Die Suggestionen

„Das Wesen der Suggestion besteht darin, dass in der eigenen Person oder in einem anderen Menschen auf irgendeine Weise in dessen Unterbewusstsein eine bestimmte Vorstellung erzeugt wird. Dadurch erreicht man eine Beeinflussung seiner Gefühle, seines Urteils und seiner Willensentschlüsse. „(Kurt Tepperwein, Die hohe Schule der Hypnose, Ariston Verlag, Seite 36)

Generell unterscheiden wir zwischen Affirmationen und Suggestionen. Während Affirmationen einen Vorgang bejahen und bestätigen, wird bei einer Suggestion von einer Beeinflussung gesprochen. Beide, Affirmationen wie Suggestionen können entweder laut ausgesprochen oder gedacht werden.

Es gibt verschiedene Arten von Suggestionen. Wir unterscheiden hier zum einen Fremdsuggestionen und zum anderen Autosuggestionen.

Von Autosuggestionen sprechen wir, wenn sich eine Person selber Vorstellungen erzeugt, die so stark sind, dass Sie von seinem Unterbewusstsein aufgenommen, akzeptiert und verarbeitet werden. Fremdsuggestionen werden immer von einer anderen Person dem Klienten gegeben. Damit diese wirksam werden können, muss der Klient diese allerdings in seine Vorstellung übernehmen und in eine Autosuggestion umsetzen.

Suggestionen werden niemals im Bewusstsein ausgeführt. Sie werden nur wirksam, wenn sie von dem Klienten durch Autosuggestion in eine Vorstellung umgewandelt werden. Jeder Klient entscheidet aufgrund seiner Normen und Werte, ob er Suggestionen annimmt oder ablehnt.

Gerade in der Hypnose ist dies in verstärktem Maße der Fall. Fremdsuggestionen werden in Autosuggestionen umgewandelt und vom Klienten in dieser Phase entweder angenommen oder abgelehnt. Menschen sind zudem unterschiedlich stark suggestibel, also empfänglich für solche Vorstellungen.

Werbung erreicht unmittelbar das Unterbewusstsein.

In unserem Leben werden wir durch bewusste und unbewusste Suggestionen beeinflusst. Ein gutes Beispiel ist die Werbung, der wir tagtäglich ausgesetzt sind. Es gibt viele Menschen, die standhaft behaupten für diese Art der Suggestion nicht empfänglich zu sein. Der große Erfolg der Werbung gerade im Fernsehen spricht hier eine andere Sprache. Fernsehen ist wie ein hypnotischer Zustand, wir können direkt das Unterbewusstsein erreichen. Kino ist ein noch besseres Beispiel und zeigt sogar schon Züge einer Massenhypnose, oder sind Sie sich jeder Minute eines Kinofilms bewusst?

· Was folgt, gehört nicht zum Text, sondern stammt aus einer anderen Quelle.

(* Let $(\mathbf{x}_1,\mathbf{t}_1),(\mathbf{x}_2,\mathbf{t}_2),\dots$ be i.i.d. pairs drawn from a joint distribution $p(\mathbf{x},\mathbf{t})$ with marginals $p(\mathbf{x})$ and $p(\mathbf{t})$. Let $\mathbf{f}_x,\mathbf{f}_t$ be measurable encoders taking values in a compact set $K\subset\mathbb{R}^D$, let $d:K\times K\to\mathbb{R}$ be continuous, and fix $\tau>0$. Let $\mathcal{L}_N$ denote the multimodal contrastive loss computed on the first $N$ pairs. Then, almost surely, $$\lim_{N\to\infty}\big(\mathcal{L}_N-2\log N\big)=2\,\mathbb{E}_{(\mathbf{x},\mathbf{t})\sim p(\mathbf{x},\mathbf{t})}\big[d(\mathbf{f}_x(\mathbf{x}),\mathbf{f}_t(\mathbf{t}))/\tau\big]+\mathbb{E}_{\mathbf{x}\sim p(\mathbf{x})}\Big[\log\mathbb{E}_{\mathbf{t}\sim p(\mathbf{t})}\big[e^{-d(\mathbf{f}_x(\mathbf{x}),\mathbf{f}_t(\mathbf{t}))/\tau}\big]\Big]+\mathbb{E}_{\mathbf{t}\sim p(\mathbf{t})}\Big[\log\mathbb{E}_{\mathbf{x}\sim p(\mathbf{x})}\big[e^{-d(\mathbf{f}_x(\mathbf{x}),\mathbf{f}_t(\mathbf{t}))/\tau}\big]\Big],$$ where in the inner expectations $\mathbf{x}$ and $\mathbf{t}$ are drawn independently from their marginals.
   Context: The multimodal contrastive loss on $N$ pairs $(\mathbf{x}_i,\mathbf{t}_i)_{i=1}^N$ with encoders $\mathbf{f}_x,\mathbf{f}_t$, "distance" $d$ and temperature $\tau>0$ is $$\mathcal{L}_N=-\frac1N\sum_{i=1}^N\log\frac{e^{-d(\mathbf{f}_x(\mathbf{x}_i),\mathbf{f}_t(\mathbf{t}_i))/\tau}}{\sum_{j=1}^N e^{-d(\mathbf{f}_x(\mathbf{x}_i),\mathbf{f}_t(\mathbf{t}_j))/\tau}}-\frac1N\sum_{i=1}^N\log\frac{e^{-d(\mathbf{f}_x(\mathbf{x}_i),\mathbf{f}_t(\mathbf{t}_i))/\tau}}{\sum_{j=1}^N e^{-d(\mathbf{f}_x(\mathbf{x}_j),\mathbf{f}_t(\mathbf{t}_i))/\tau}}.$$ *)

theory Defs
  imports "HOL-Probability.Probability"
begin

definition contrastive_loss ::
  "('x \<Rightarrow> 'e) \<Rightarrow> ('t \<Rightarrow> 'e) \<Rightarrow> ('e \<Rightarrow> 'e \<Rightarrow> real) \<Rightarrow> real \<Rightarrow>
   (nat \<Rightarrow> 'x) \<Rightarrow> (nat \<Rightarrow> 't) \<Rightarrow> nat \<Rightarrow> real" where
  "contrastive_loss fx ft d tau xs ts N =
     - (1 / real N) * (\<Sum>i<N. ln (exp (- d (fx (xs i)) (ft (ts i)) / tau) /
              (\<Sum>j<N. exp (- d (fx (xs i)) (ft (ts j)) / tau))))
     - (1 / real N) * (\<Sum>i<N. ln (exp (- d (fx (xs i)) (ft (ts i)) / tau) /
              (\<Sum>j<N. exp (- d (fx (xs j)) (ft (ts i)) / tau))))"

end

theory Submission
  imports Defs
begin

text \<open>
  After dividing each normalising sum by \<open>N\<close>, \<open>L\<^sub>N - 2 log N\<close> becomes twice the mean of
  \<open>d/\<tau>\<close> over the pairs plus two terms \<open>(1/N) \<Sum>\<^sub>i log ((1/N) \<Sum>\<^sub>j g(a\<^sub>i, b\<^sub>j))\<close> with
  \<open>g = exp(-d/\<tau>)\<close> and \<open>a\<^sub>i, b\<^sub>j\<close> the encoded samples.  All variables are bounded, so the
  strong law of large numbers follows from Hoeffding's inequality and Borel--Cantelli; it settles
  the first term.  For the others, \<open>g\<close> is uniformly continuous on the compact \<open>K \<times> K\<close>, so the
  inner means \<open>a \<mapsto> (1/N) \<Sum>\<^sub>j g(a, b\<^sub>j)\<close> form an equicontinuous family.  By the strong law they
  converge almost surely to \<open>G(a) = E g(a, f\<^sub>t(t))\<close> at every point of a countable dense subset of
  \<open>K\<close>, hence uniformly on \<open>K\<close>; as \<open>g\<close> is bounded away from \<open>0\<close>, so do their logarithms, and the
  outer mean converges to \<open>E log G(f\<^sub>x(x))\<close> by the strong law once more.
\<close>

lemma borel_measurable_continuous_on_comp:
  assumes "continuous_on S F" "\<phi> \<in> borel_measurable N" "\<And>x. x \<in> space N \<Longrightarrow> \<phi> x \<in> S"
  shows "(\<lambda>x. F (\<phi> x)) \<in> borel_measurable N"
  using measurable_compose[OF measurable_restrict_space2[OF _ assms(2)]
      borel_measurable_continuous_on_restrict[OF assms(1)]] assms(3) by blast

lemma continuous_on_case_prod_swap:
  assumes "continuous_on (A \<times> B) (\<lambda>(a, b). f a b)"
  shows "continuous_on (B \<times> A) (\<lambda>(b, a). f a b)"
proof -
  have "continuous_on (B \<times> A) ((\<lambda>(a, b). f a b) \<circ> prod.swap)"
    by (rule continuous_on_compose[OF continuous_on_swap]) (simp add: product_swap assms)
  then show ?thesis by (simp add: comp_def case_prod_beta')
qed

lemma compact_continuous_pos_bounds:
  fixes f :: "'a::topological_space \<Rightarrow> real"
  assumes "compact S" "continuous_on S f" "\<And>x. x \<in> S \<Longrightarrow> f x > 0"
  obtains m B where "m > 0" "\<And>x. x \<in> S \<Longrightarrow> f x \<in> {m..B}"
proof (cases "S = {}")
  case False
  obtain x0 where "x0 \<in> S" "\<And>y. y \<in> S \<Longrightarrow> f x0 \<le> f y"
    using continuous_attains_inf[OF assms(1) False assms(2)] by blast
  moreover obtain x1 where "\<And>y. y \<in> S \<Longrightarrow> f y \<le> f x1"
    using continuous_attains_sup[OF assms(1) False assms(2)] by blast
  ultimately show ?thesis using that[of "f x0" "f x1"] assms(3) by auto
qed (use that[of 1 1] in auto)

lemma abs_mean_diff_le:
  fixes u v :: "nat \<Rightarrow> real"
  assumes "\<And>j. j < N \<Longrightarrow> \<bar>u j - v j\<bar> \<le> e" "e \<ge> 0"
  shows "\<bar>(\<Sum>j<N. u j) / real N - (\<Sum>j<N. v j) / real N\<bar> \<le> e"
proof (cases "N = 0")
  case False
  have "\<bar>(\<Sum>j<N. u j) / real N - (\<Sum>j<N. v j) / real N\<bar> = \<bar>\<Sum>j<N. u j - v j\<bar> / real N"
    by (simp add: sum_subtractf diff_divide_distrib[symmetric])
  also have "\<dots> \<le> (\<Sum>j<N. \<bar>u j - v j\<bar>) / real N"
    by (intro divide_right_mono sum_abs) auto
  also have "\<dots> \<le> real N * e / real N"
    using sum_bounded_above[of "{..<N}" "\<lambda>j. \<bar>u j - v j\<bar>" e] assms by (intro divide_right_mono) auto
  finally show ?thesis using False by simp
qed (use assms in simp)

lemma mean_in_interval:
  fixes u :: "nat \<Rightarrow> real"
  assumes "N > 0" "\<And>j. j < N \<Longrightarrow> u j \<in> {m..B}"
  shows "(\<Sum>j<N. u j) / real N \<in> {m..B}"
proof -
  have "real N * m \<le> (\<Sum>j<N. u j)" "(\<Sum>j<N. u j) \<le> real N * B"
    using sum_bounded_below[of "{..<N}" m u] sum_bounded_above[of "{..<N}" u B] assms(2) by auto
  then show ?thesis using assms(1) by (simp add: field_simps)
qed

lemma tendsto_mean_uniform_limit:
  fixes \<phi> :: "nat \<Rightarrow> 'a \<Rightarrow> real"
  assumes "uniform_limit K \<phi> \<psi> sequentially" "\<And>i. a i \<in> K"
    and "((\<lambda>N. (\<Sum>i<N. \<psi> (a i)) / real N) \<longlongrightarrow> L) sequentially"
  shows "((\<lambda>N. (\<Sum>i<N. \<phi> N (a i)) / real N) \<longlongrightarrow> L) sequentially"
proof -
  have "((\<lambda>N. (\<Sum>i<N. \<phi> N (a i)) / real N - (\<Sum>i<N. \<psi> (a i)) / real N) \<longlongrightarrow> 0) sequentially"
  proof (rule tendstoI)
    fix e :: real assume "e > 0"
    then have "e / 2 > 0" by simp
    from uniform_limitD[OF assms(1) this]
    show "eventually (\<lambda>N. dist ((\<Sum>i<N. \<phi> N (a i)) / real N - (\<Sum>i<N. \<psi> (a i)) / real N) 0 < e) sequentially"
    proof eventually_elim
      case (elim N)
      then have "\<bar>(\<Sum>i<N. \<phi> N (a i)) / real N - (\<Sum>i<N. \<psi> (a i)) / real N\<bar> \<le> e / 2"
        using assms(2) \<open>e > 0\<close> by (intro abs_mean_diff_le) (auto simp: dist_real_def intro: less_imp_le)
      with \<open>e > 0\<close> show ?case by simp
    qed
  qed
  from tendsto_add[OF this assms(3)] show ?thesis by simp
qed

Natürlich werden wir nicht nur von äußeren Reizen beeinflusst, auch wir beeinflussen uns andauernd selber. Diese Autosuggestionen (die Stimme in unserem Kopf – das Unterbewusstsein – unsere Intuition) beeinflusst uns nachhaltig selber und prägt somit unsere Persönlichkeit. Auch außerhalb der Hypnose kann man hier bereits beeindruckende Erfolge erzielen, wenn man negative Suggestionen bewusst durch positive ersetzt. Bewusste Suggestion ermöglicht eine aktive Gestaltung der eigenen Wahrnehmung und Gefühlswelt.

Generell gelten bei Affirmationen wie auch bei Suggestionen folgende Grundsätze:

  • Sie können sowohl positiv als auch negativ besetzt sein.
  • Um sie zu verwirklichen muss der Klient diese Sätze mit Bildern versehen und sie bewusst erleben.
  • Die Sätze werden vom Unterbewusstsein nicht bewertet, alle Sätze werden konsequent abgearbeitet.

Bei der Entwicklung von Affirmationen und Suggestionen ist es hilfreich folgende Hinweise zu beachten:

  • Die Sätze sollen einfach und kurz formuliert sein.
  • Die Gegenwartsform ist zu gebrauchen.
  • Die Sätze sollen positiv formuliert sein.
  • Formulieren Sie lösungs- und nicht problemorientiert.